Work order = One part of the entries below is wanted: the lines from the one containing "Ainv(3) K x" through the one containing "D *\<^sub>v x2 = (D". Write those out exactly and nothing else.
Source data section start
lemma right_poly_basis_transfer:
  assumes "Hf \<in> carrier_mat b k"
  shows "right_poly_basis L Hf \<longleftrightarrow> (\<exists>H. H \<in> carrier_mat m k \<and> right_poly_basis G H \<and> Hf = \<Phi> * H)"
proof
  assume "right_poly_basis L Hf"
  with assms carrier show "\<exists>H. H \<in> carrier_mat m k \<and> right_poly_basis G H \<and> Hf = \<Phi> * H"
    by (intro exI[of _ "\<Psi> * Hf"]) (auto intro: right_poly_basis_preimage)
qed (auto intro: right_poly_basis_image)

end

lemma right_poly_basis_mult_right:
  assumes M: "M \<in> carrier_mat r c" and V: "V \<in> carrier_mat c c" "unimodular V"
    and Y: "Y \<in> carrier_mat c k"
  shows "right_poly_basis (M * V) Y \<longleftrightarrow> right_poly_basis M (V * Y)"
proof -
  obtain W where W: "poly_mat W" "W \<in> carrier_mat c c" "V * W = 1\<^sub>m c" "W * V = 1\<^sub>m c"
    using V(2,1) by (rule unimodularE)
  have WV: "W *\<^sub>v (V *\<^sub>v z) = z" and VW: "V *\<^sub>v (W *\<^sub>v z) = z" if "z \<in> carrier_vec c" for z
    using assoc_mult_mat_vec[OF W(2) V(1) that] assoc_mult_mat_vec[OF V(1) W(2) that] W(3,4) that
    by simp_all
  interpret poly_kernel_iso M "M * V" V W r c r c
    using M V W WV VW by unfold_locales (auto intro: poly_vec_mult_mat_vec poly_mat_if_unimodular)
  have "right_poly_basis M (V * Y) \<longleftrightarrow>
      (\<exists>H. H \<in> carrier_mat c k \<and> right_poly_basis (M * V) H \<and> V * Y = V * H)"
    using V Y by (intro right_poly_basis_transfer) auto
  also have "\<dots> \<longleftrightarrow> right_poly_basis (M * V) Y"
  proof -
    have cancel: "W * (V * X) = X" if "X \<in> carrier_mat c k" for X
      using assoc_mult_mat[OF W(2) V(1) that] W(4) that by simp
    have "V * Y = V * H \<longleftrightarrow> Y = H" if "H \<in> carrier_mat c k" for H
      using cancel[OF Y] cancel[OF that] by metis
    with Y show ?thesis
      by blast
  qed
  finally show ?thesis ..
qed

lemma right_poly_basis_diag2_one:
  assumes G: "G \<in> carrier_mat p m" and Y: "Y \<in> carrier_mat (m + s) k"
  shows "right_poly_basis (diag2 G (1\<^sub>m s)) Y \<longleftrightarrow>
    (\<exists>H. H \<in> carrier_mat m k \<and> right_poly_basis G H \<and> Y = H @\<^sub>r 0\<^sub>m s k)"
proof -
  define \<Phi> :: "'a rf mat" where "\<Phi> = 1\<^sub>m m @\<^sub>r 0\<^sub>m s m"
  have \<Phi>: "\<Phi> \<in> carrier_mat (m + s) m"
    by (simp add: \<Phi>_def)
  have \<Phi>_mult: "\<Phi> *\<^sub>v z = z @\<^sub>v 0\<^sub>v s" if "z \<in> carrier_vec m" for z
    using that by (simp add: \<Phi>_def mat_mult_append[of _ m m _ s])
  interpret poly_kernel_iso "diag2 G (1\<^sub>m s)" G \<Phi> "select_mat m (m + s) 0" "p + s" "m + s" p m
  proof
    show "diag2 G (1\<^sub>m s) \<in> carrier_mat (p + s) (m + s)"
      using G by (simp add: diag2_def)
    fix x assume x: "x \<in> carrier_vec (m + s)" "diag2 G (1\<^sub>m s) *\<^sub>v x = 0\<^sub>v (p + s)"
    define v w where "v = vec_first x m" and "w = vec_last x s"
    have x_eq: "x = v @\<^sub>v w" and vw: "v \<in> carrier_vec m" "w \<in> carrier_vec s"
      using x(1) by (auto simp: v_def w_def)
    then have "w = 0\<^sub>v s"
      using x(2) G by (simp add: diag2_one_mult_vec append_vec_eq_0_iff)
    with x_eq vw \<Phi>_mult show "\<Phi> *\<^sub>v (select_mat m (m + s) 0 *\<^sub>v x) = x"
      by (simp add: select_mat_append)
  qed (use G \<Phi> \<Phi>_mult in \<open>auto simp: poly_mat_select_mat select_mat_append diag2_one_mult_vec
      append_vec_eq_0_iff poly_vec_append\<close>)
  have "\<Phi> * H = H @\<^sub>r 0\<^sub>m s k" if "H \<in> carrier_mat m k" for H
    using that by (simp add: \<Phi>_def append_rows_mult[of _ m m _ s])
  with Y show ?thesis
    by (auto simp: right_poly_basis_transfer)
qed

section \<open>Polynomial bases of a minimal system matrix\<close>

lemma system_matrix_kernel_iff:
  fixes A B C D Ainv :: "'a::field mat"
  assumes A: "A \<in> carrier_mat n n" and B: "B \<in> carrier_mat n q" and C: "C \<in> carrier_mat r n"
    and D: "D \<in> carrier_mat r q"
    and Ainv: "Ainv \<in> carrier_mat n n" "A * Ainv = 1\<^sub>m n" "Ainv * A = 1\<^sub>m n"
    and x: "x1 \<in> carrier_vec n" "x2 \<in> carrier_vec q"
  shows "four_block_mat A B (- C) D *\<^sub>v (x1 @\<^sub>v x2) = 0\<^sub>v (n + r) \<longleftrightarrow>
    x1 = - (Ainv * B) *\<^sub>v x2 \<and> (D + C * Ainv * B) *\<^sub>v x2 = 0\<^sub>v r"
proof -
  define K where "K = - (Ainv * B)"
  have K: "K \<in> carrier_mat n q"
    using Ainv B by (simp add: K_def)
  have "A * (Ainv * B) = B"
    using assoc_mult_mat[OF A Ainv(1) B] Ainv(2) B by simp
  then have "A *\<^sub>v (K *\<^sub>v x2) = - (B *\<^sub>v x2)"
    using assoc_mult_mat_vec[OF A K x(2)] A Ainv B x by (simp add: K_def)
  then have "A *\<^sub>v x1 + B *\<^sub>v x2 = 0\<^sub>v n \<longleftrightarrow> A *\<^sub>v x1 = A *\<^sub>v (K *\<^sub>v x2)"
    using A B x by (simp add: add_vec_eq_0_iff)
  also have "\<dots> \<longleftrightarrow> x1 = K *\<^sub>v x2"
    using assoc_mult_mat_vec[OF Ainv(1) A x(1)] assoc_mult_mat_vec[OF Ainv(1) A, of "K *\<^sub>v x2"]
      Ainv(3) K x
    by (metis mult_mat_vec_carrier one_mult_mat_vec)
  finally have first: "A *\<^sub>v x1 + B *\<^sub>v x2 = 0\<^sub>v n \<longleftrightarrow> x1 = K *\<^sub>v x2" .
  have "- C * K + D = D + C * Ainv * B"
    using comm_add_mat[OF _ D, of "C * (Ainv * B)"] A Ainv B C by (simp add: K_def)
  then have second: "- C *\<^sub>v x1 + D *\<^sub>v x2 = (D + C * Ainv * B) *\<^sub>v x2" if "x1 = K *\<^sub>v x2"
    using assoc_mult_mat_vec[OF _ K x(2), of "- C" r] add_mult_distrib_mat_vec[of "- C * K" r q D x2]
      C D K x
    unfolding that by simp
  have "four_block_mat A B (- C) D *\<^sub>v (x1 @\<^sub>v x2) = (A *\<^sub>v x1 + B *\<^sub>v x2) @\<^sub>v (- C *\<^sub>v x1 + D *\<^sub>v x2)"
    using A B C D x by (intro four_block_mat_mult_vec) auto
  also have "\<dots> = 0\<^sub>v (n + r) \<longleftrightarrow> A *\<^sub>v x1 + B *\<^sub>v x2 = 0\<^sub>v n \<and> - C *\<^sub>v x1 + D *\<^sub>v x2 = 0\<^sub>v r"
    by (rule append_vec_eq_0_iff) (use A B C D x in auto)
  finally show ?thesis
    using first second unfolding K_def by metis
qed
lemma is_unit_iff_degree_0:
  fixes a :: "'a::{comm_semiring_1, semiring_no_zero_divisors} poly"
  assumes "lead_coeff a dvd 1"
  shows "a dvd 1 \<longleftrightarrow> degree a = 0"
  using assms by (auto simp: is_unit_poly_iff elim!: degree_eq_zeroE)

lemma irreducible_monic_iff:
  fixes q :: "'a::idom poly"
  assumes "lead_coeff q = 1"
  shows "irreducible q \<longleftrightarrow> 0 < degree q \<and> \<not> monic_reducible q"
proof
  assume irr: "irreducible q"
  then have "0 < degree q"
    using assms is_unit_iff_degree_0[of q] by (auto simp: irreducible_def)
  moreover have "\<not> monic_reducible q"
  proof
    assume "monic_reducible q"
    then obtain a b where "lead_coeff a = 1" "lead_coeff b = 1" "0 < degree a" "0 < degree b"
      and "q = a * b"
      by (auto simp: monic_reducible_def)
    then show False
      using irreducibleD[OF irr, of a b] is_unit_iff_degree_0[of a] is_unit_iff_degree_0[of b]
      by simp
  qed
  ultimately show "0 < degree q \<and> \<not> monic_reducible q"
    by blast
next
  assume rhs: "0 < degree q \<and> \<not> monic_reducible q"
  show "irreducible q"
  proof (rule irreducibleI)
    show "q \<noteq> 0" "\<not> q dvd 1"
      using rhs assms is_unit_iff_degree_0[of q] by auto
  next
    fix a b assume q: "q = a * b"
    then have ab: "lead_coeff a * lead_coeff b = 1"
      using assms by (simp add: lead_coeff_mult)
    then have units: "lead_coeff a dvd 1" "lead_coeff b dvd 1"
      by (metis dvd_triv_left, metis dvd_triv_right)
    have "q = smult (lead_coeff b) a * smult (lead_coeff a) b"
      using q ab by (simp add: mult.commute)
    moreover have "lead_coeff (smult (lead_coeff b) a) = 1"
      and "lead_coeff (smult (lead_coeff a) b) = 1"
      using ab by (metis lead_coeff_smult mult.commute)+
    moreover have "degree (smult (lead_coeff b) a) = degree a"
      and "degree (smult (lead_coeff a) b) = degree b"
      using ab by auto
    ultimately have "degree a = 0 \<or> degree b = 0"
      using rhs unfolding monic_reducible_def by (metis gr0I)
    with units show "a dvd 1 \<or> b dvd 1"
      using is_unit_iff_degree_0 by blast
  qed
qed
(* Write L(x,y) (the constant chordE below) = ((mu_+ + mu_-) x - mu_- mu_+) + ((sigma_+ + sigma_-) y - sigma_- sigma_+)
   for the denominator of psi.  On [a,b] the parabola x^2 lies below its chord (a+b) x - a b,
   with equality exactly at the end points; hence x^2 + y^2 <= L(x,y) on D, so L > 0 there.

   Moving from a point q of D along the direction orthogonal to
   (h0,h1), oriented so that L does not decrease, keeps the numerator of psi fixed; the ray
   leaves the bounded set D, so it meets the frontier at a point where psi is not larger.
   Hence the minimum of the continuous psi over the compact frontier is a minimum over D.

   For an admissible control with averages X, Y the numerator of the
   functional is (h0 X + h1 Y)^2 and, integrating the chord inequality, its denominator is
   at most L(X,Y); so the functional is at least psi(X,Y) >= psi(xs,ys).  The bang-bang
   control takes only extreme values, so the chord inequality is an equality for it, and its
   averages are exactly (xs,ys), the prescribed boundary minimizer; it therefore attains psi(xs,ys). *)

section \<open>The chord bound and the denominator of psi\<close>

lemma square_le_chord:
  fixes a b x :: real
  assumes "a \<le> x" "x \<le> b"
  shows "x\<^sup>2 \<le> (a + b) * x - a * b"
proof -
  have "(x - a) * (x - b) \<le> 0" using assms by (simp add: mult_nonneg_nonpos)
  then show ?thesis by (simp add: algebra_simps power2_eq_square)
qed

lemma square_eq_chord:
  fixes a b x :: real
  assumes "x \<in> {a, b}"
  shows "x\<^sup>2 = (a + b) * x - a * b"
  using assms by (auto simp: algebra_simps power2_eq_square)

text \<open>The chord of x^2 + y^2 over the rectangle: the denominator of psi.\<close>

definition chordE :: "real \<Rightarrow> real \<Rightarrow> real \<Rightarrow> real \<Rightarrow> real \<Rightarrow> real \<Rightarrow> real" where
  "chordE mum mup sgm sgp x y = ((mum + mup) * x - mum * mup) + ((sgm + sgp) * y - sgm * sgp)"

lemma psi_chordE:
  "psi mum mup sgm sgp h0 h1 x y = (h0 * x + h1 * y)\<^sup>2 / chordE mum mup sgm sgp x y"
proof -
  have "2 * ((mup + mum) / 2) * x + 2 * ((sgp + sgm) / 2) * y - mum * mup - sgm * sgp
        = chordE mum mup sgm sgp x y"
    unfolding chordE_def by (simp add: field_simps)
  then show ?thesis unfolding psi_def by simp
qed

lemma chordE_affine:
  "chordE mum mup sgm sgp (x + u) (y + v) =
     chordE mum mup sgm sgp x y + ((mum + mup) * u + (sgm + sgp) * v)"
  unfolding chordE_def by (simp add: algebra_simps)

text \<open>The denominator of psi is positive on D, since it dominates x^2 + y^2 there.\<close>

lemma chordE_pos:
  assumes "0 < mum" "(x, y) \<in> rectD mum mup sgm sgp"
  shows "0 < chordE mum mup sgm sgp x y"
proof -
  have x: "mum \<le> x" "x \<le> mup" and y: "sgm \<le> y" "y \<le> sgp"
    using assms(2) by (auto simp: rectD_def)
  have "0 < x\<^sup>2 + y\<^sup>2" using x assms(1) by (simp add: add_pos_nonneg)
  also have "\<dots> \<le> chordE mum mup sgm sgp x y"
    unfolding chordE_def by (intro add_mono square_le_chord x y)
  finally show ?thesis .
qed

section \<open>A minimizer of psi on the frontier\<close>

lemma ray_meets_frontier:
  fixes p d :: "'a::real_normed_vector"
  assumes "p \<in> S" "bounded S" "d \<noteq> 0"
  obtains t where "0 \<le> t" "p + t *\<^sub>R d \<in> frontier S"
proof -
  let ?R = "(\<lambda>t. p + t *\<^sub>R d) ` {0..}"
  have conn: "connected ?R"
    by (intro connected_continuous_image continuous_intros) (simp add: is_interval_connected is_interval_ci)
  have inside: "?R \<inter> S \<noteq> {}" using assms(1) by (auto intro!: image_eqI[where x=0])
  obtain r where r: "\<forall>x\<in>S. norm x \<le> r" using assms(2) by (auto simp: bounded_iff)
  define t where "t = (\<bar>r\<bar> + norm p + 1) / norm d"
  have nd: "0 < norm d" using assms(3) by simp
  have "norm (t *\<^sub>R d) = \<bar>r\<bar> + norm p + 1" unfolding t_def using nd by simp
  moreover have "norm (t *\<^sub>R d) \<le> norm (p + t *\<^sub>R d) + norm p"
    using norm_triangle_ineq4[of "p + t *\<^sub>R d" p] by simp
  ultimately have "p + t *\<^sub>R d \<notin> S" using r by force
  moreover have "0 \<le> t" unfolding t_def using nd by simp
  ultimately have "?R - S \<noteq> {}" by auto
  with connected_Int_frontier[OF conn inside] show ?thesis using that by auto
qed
Source data section end
Answer below =
      Ainv(3) K x
    by (metis mult_mat_vec_carrier one_mult_mat_vec)
  finally have first: "A *\<^sub>v x1 + B *\<^sub>v x2 = 0\<^sub>v n \<longleftrightarrow> x1 = K *\<^sub>v x2" .
  have "- C * K + D = D + C * Ainv * B"
    using comm_add_mat[OF _ D, of "C * (Ainv * B)"] A Ainv B C by (simp add: K_def)
  then have second: "- C *\<^sub>v x1 + D *\<^sub>v x2 = (D + C * Ainv * B) *\<^sub>v x2" if "x1 = K *\<^sub>v x2"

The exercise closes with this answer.